»»
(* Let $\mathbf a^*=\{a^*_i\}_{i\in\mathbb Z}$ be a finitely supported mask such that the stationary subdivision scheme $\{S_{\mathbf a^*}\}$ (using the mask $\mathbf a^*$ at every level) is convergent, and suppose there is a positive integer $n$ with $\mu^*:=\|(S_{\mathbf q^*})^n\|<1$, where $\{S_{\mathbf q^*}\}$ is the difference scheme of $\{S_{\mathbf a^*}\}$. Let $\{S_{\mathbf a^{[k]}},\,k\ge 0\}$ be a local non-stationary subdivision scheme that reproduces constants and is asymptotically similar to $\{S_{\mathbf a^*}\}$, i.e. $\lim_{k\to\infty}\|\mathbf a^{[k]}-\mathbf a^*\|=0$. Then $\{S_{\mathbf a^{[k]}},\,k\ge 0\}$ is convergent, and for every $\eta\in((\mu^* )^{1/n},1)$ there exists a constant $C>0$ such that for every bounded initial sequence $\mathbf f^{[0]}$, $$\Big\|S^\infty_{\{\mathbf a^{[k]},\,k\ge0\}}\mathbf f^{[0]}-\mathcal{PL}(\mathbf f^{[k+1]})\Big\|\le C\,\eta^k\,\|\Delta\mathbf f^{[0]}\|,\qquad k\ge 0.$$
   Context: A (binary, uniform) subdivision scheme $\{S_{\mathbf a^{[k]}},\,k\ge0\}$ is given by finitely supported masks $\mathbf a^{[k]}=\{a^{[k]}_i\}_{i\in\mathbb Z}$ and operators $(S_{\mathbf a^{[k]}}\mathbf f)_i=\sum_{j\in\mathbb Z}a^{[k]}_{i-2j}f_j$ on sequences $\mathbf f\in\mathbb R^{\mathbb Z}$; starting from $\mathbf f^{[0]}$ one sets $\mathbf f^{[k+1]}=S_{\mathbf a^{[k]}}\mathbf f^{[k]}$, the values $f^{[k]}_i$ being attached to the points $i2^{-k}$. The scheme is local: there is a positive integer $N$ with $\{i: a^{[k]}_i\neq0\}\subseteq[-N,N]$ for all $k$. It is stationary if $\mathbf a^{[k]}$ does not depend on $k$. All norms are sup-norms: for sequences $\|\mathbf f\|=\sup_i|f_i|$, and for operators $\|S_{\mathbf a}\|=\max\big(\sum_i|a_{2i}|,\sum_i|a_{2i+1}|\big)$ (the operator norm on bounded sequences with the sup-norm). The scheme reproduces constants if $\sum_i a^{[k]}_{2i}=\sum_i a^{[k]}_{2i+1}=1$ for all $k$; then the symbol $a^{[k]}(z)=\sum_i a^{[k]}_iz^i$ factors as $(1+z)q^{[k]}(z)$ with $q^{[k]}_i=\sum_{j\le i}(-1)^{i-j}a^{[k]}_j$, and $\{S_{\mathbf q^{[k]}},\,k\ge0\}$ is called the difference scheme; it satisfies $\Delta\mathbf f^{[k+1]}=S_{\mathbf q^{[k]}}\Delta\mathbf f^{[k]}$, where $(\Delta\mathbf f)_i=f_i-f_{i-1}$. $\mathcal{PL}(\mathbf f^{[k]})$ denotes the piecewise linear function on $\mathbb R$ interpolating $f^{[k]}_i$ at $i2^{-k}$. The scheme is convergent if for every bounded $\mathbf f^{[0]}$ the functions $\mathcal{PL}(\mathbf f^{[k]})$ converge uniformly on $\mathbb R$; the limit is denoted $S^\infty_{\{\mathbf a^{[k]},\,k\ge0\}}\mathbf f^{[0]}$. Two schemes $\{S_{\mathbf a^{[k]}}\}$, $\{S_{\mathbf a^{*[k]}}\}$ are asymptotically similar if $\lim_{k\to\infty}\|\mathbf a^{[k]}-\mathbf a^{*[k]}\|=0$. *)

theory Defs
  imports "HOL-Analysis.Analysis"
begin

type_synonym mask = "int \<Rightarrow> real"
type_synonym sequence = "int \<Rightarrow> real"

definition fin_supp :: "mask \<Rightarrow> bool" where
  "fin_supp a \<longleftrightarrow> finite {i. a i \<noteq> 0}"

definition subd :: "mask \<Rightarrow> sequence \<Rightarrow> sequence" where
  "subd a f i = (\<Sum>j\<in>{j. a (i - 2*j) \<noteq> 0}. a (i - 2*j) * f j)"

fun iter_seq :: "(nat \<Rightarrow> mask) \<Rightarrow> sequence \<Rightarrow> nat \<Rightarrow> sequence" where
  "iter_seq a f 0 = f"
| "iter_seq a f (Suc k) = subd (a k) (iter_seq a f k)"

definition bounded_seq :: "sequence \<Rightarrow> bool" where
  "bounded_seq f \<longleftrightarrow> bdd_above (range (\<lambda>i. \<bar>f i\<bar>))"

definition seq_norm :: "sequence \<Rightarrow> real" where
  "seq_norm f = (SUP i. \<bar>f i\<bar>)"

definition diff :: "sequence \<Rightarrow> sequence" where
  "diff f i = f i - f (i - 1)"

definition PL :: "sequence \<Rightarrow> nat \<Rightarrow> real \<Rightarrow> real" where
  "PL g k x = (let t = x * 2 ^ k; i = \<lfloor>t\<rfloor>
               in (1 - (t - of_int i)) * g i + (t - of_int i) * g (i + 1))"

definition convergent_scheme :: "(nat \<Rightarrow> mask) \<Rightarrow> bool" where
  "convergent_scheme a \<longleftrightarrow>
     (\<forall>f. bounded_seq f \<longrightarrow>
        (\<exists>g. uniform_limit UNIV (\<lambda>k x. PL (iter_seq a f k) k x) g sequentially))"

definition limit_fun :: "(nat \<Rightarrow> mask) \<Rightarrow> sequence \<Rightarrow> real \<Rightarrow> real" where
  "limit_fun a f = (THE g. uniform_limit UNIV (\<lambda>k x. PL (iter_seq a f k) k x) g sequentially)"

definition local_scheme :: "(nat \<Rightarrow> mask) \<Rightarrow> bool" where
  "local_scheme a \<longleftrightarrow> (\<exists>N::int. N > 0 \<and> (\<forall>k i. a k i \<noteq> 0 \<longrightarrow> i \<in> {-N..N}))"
««
Within the records, count the lines that include the word "longrightarrow". Answer with the number only.

YOUR SOLUTION » 2